Wednesday, September 29, 2010

Sophisticated Salzburg

Mirabel Gardens where scenes from sound of Music were filmed

View of Salzburg walking over the Salze River to the old town area

     Were were greeted with sunshine Monday morning and enjoyed a beautiful ride 
from Oberammagau to Salzburg.
When we arrived our tour guide was waiting to take us on a historic walking tour of
 the old town where Mozart was born.  Only licensed guides are allowed to give tours 
in Salzburg and the history lesson we received from our guide was remarkable!  She 
was also valuable in giving us a tip as to where to find "real" Austrian cuisine for our 
free night in Salzburg!
     Monday evening we dined together at a dinner theater and saw a lively performance
 of Austrian favorites from "Sound of Music" to Mozart.  Gary was handed the 
microphone by one of the performers and got to join the group in singing "Edelweiss",
 a real crowd pleaser!






     On Tuesday, our group ventured out to the Kehlstein mountain area to visit a very historic site. The " Eagles Nest " was a mountaintop retreat completed in 1938 by leaders of the Nazi party, and presented to Adolph Hitler as a gift  for his 50th birthday.  The expertise of German engineering is apparent everywhere.  From the road that was carved into the back side of the mountain, to the brass-lined lift that elevates visitors the last 1838 meters to the mountaintop retreat, a project was completed in 13 months, before the start of conflict in WWII.  When we reached the top, the view was breathtaking!  A short walk to a cross placed near the top of the summit provided an overview of the “teahouse” as it was called.  Most of the inside is a restaurant and the large marble mantel presented to Hilter as a gift from Mussolini, is the centerpiece of the huge octagon dining area.  Enroute to the site, we watched a video that provided information about the construction of the site and viewed film clips of Hitler’s 14 official visits to the retreat.  The film also showed the Allies take over of the site, which was spared from bombing, and renamed “The Eagle’s Nest”.

 
      The weather at the top was very chilly, so a cup of hot chocolate by the huge fireplace hit the spot.  Our next stop proved to be a real surprise.  We visited a nearby salt mine that dates back to 600BC.  Salzburg gets its name as the producer of much needed “salt” that cured and preserved the meats before refrigeration.  The mines at Berchtesgaden are no longer producing much salt, as the extraction process is more expensive than water ( hydro )  processes.  A tour into the mines has become a favorite stop for bus tours in the area.  We were given overalls to wear, and lowered by a narrow train into the mine.  The tour included amazing information about this early extraction process, a ride across on a salt water basin, and two incredible slides that lowered us deeper into the mining area.  All in all, it was an educating and entertaining experience.

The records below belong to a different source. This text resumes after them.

(* Let $\sum_{i=1}^n\alpha_i\cdot\lambda x.\vec t_i\in\mathcal S$ be a unitary distribution of closed abstractions. Then it belongs to $[\![\sharp\mathbb B\Rightarrow\sharp\mathbb B]\!]$ if and only if it represents a unitary operator $F:\mathbb C^2\to\mathbb C^2$.
   Context: Calculus. Fix a countably infinite set of variables. Pure values: $v,w::=x\mid\lambda x.\vec{s}\mid *\mid (v_1,v_2)\mid \mathtt{inl}(v)\mid\mathtt{inr}(v)$. Pure terms: $s,t::=v\mid s\,t\mid t;\vec{s}\mid \mathtt{let}\,(x_1,x_2)=t\,\mathtt{in}\,\vec{s}\mid \mathtt{match}\,t\,\{\mathtt{inl}\,x_1\mapsto\vec{s}_1\mid\mathtt{inr}\,x_2\mapsto\vec{s}_2\}$. Term distributions: $\vec{t}::=\vec{0}\mid t\mid \vec{s}+\vec{t}\mid\alpha\cdot\vec{t}$ ($\alpha\in\mathbb{C}$); value distributions are built from pure values only. Top-level distributions are considered modulo the congruence $\equiv$ of weak vector spaces (commutative monoid axioms for $+,\vec 0$; $1\cdot\vec t\equiv\vec t$; $\alpha\cdot(\beta\cdot\vec t)\equiv\alpha\beta\cdot\vec t$; $(\alpha+\beta)\cdot\vec t\equiv\alpha\cdot\vec t+\beta\cdot\vec t$; $\alpha\cdot(\vec t_1+\vec t_2)\equiv\alpha\cdot\vec t_1+\alpha\cdot\vec t_2$), which does not act inside pure terms; $0\cdot t\not\equiv\vec 0$; each distribution has a unique canonical form $\sum_i\alpha_i t_i$ with distinct pure $t_i$. Constructs are extended by linearity (application is bilinear: $(\sum_k\gamma_k t_k)(\sum_l\delta_l s_l)=\sum_{k,l}\gamma_k\delta_l t_ks_l$; pairs bilinear; $\mathtt{inl},\mathtt{inr}$ linear; $\mathtt{let},\mathtt{match},;$ linear in their first argument). $\mathtt{tt}:=\mathtt{inl}( * )$, $\mathtt{ff}:=\mathtt{inr}( * )$. Bilinear substitution: $\vec t\langle x:=\vec w\rangle=\sum_j\beta_j\vec t[x:=w_j]$ for $\vec w=\sum_j\beta_jw_j$. Atomic evaluation $\triangleright$ is call-by-value ($\beta_v$: $(\lambda x.\vec t)v\triangleright\vec t[x:=v]$; $*;\vec s\triangleright\vec s$; let on pairs of values; match on $\mathtt{inl}(v)$/$\mathtt{inr}(v)$; congruence rules reducing the argument of an application first, then the function, and the scrutinee of $;$, let, match). $\vec t\succ\vec t'$ iff $\vec t\equiv\alpha\cdot s+\vec r$, $\vec t'\equiv\alpha\cdot\vec s'+\vec r$, $s\triangleright\vec s'$; $\succ^*$ is its reflexive-transitive closure. Semantics. For closed value distributions in canonical form, $\langle\sum_i\alpha_iv_i|\sum_j\beta_jw_j\rangle=\sum_{i,j}\overline{\alpha_i}\beta_j\delta_{v_i,w_j}$; $\mathcal S$ is the set of closed value distributions of norm $1$. $[\![\mathbb U]\!]=\{*\}$, $[\![A+B]\!]=\{\mathtt{inl}(\vec v):\vec v\in[\![A]\!]\}\cup\{\mathtt{inr}(\vec w):\vec w\in[\![B]\!]\}$, $[\![\sharp A]\!]=\mathrm{Span}([\![A]\!])\cap\mathcal S$, $\mathbb B=\mathbb U+\mathbb U$, and $[\![A\Rightarrow B]\!]=\{(\sum_{i=1}^n\alpha_i\cdot\lambda x.\vec t_i)\in\mathcal S:\forall\vec v\in[\![A]\!],\ (\sum_i\alpha_i\cdot\vec t_i\langle x:=\vec v\rangle)\Vdash B\}$, where $\vec t\Vdash A$ means $\vec t\succ^*\vec v$ for some $\vec v\in[\![A]\!]$. The Boolean projection $\pi_{\mathbb B}:\mathrm{Span}(\{\mathtt{tt},\mathtt{ff}\})\to\mathbb C^2$ sends $\alpha\cdot\mathtt{tt}\mapsto(\alpha,0)$, $\beta\cdot\mathtt{ff}\mapsto(0,\beta)$, $\alpha\cdot\mathtt{tt}+\beta\cdot\mathtt{ff}\mapsto(\alpha,\beta)$. A closed distribution $\vec t$ represents $F:\mathbb C^2\to\mathbb C^2$ if for all $\vec v\in\mathrm{Span}(\{\mathtt{tt},\mathtt{ff}\})$ there is $\vec w\in\mathrm{Span}(\{\mathtt{tt},\mathtt{ff}\})$ with $\vec t\,\vec v\succ^*\vec w$ and $\pi_{\mathbb B}(\vec w)=F(\pi_{\mathbb B}(\vec v))$. $F$ is unitary if it is linear and preserves the inner product of $\mathbb C^2$. *)

theory Defs
  imports Complex_Main
begin

section \<open>Syntax (de Bruijn indices for the countably infinite set of variables)\<close>

text \<open>Binders: VLam binds index 0 in its body; LetP t s binds x1 as index 1 and x2 as
  index 0 in s; each branch of Match binds one variable (index 0).\<close>

datatype val = VVar nat | VLam tdist | VStar | VPair val val | VInl val | VInr val
and trm = Val val | App trm trm | Seq trm tdist | LetP trm tdist | Match trm tdist tdist
and tdist = DZero | DT trm | DPlus tdist tdist | DScal complex tdist

primrec lift_v :: "nat \<Rightarrow> val \<Rightarrow> val"
  and lift_t :: "nat \<Rightarrow> trm \<Rightarrow> trm"
  and lift_d :: "nat \<Rightarrow> tdist \<Rightarrow> tdist" where
  "lift_v k (VVar i) = (if i < k then VVar i else VVar (Suc i))"
| "lift_v k (VLam b) = VLam (lift_d (Suc k) b)"
| "lift_v k VStar = VStar"
| "lift_v k (VPair a b) = VPair (lift_v k a) (lift_v k b)"
| "lift_v k (VInl a) = VInl (lift_v k a)"
| "lift_v k (VInr a) = VInr (lift_v k a)"
| "lift_t k (Val v) = Val (lift_v k v)"
| "lift_t k (App s t) = App (lift_t k s) (lift_t k t)"
| "lift_t k (Seq t s) = Seq (lift_t k t) (lift_d k s)"
| "lift_t k (LetP t s) = LetP (lift_t k t) (lift_d (k + 2) s)"
| "lift_t k (Match t s1 s2) = Match (lift_t k t) (lift_d (Suc k) s1) (lift_d (Suc k) s2)"
| "lift_d k DZero = DZero"
| "lift_d k (DT t) = DT (lift_t k t)"
| "lift_d k (DPlus a b) = DPlus (lift_d k a) (lift_d k b)"
| "lift_d k (DScal \<alpha> a) = DScal \<alpha> (lift_d k a)"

      Back in Salzburg, we feasted on Austrian cuisine preferred by the locals on a tip from our guide Isabella.  The Gastwirtschaft served up large helpings of saurbraten, pork, ham sausage, saurkraut and potato dumplings to name a few.  For dessert, warm crepes, ice cream, whipped cream and chocolate…to die for!   “Prost”!










Tuesday, September 28, 2010

Breathtaking Bavaria!

We finally lost favor with the weather gods, but our trip into the Bavarian countryside was still spectacular. Our first stop was Garmisch-Partenkirchen, a picturesque ski area and the site of the 1936 Winter Olympics where Jesse Owens became a household name.
We were greeted at the Gasthof Fraundorfer (pub) to a typical Bavarian feast with the long tables, big steins of beer, local cuisine and , of course, the ump-pa-pa band.
Enroute to our destination we stopped for a tour of King Ludwig II’s castle.  After the tour, we hiked down the hill from the castle, so we didn’t feel guilty having a second mug of beer at the Gasthof!

King Ludwig II's Castle


Fun at the Gasthof Fraundorfer

Olympic ski jump 1936 style!

Our experience in Oberammagau borders on surreal.  The day that was the main motivation for our  trip to Europe was cool  and cloudy.  Dressed in layers and carrying blankets we arrived in Oberammagau, and were ready for an experience of a lifetime.
The entire village is involved in the production of the play.  After a wonderful lunch in a cozy “gasthof” we got to our seats for the 2:30 start.  The play was performed in German, but we had a book with the English text.  The acting was so powerful, (with no mics used),  the language barrier wasn’t a problem.  This is the ultimate “community theater” with hundreds of people of all ages on stage at times. 
The first act ended at 5:00.  We walked back to our “pub” through the busy streets of the city, with all the shops filled with wood carving and souveniers.  After another wonderful Bavarian dinner and stroll though the shops we took our seats at 8:00 for the second act.
Evening in the open air theater provided a compelling back drop for the last hours of the passion of Christ.  The 4700 attendees sat quietly huddled in blankets and were rewarded with an unbelievable experience.  From the scourging, to the carrying of the cross and the cruxifiction and resurrection of Jesus Christ, the dignity and reality of this event was sobering and spiritual.  At 10:30, we left the theater ans had a very quiet trip back to our hotel.

Passion Play Theater

View of the stage from our seats (Sorry, no cameras allowed during the performance!)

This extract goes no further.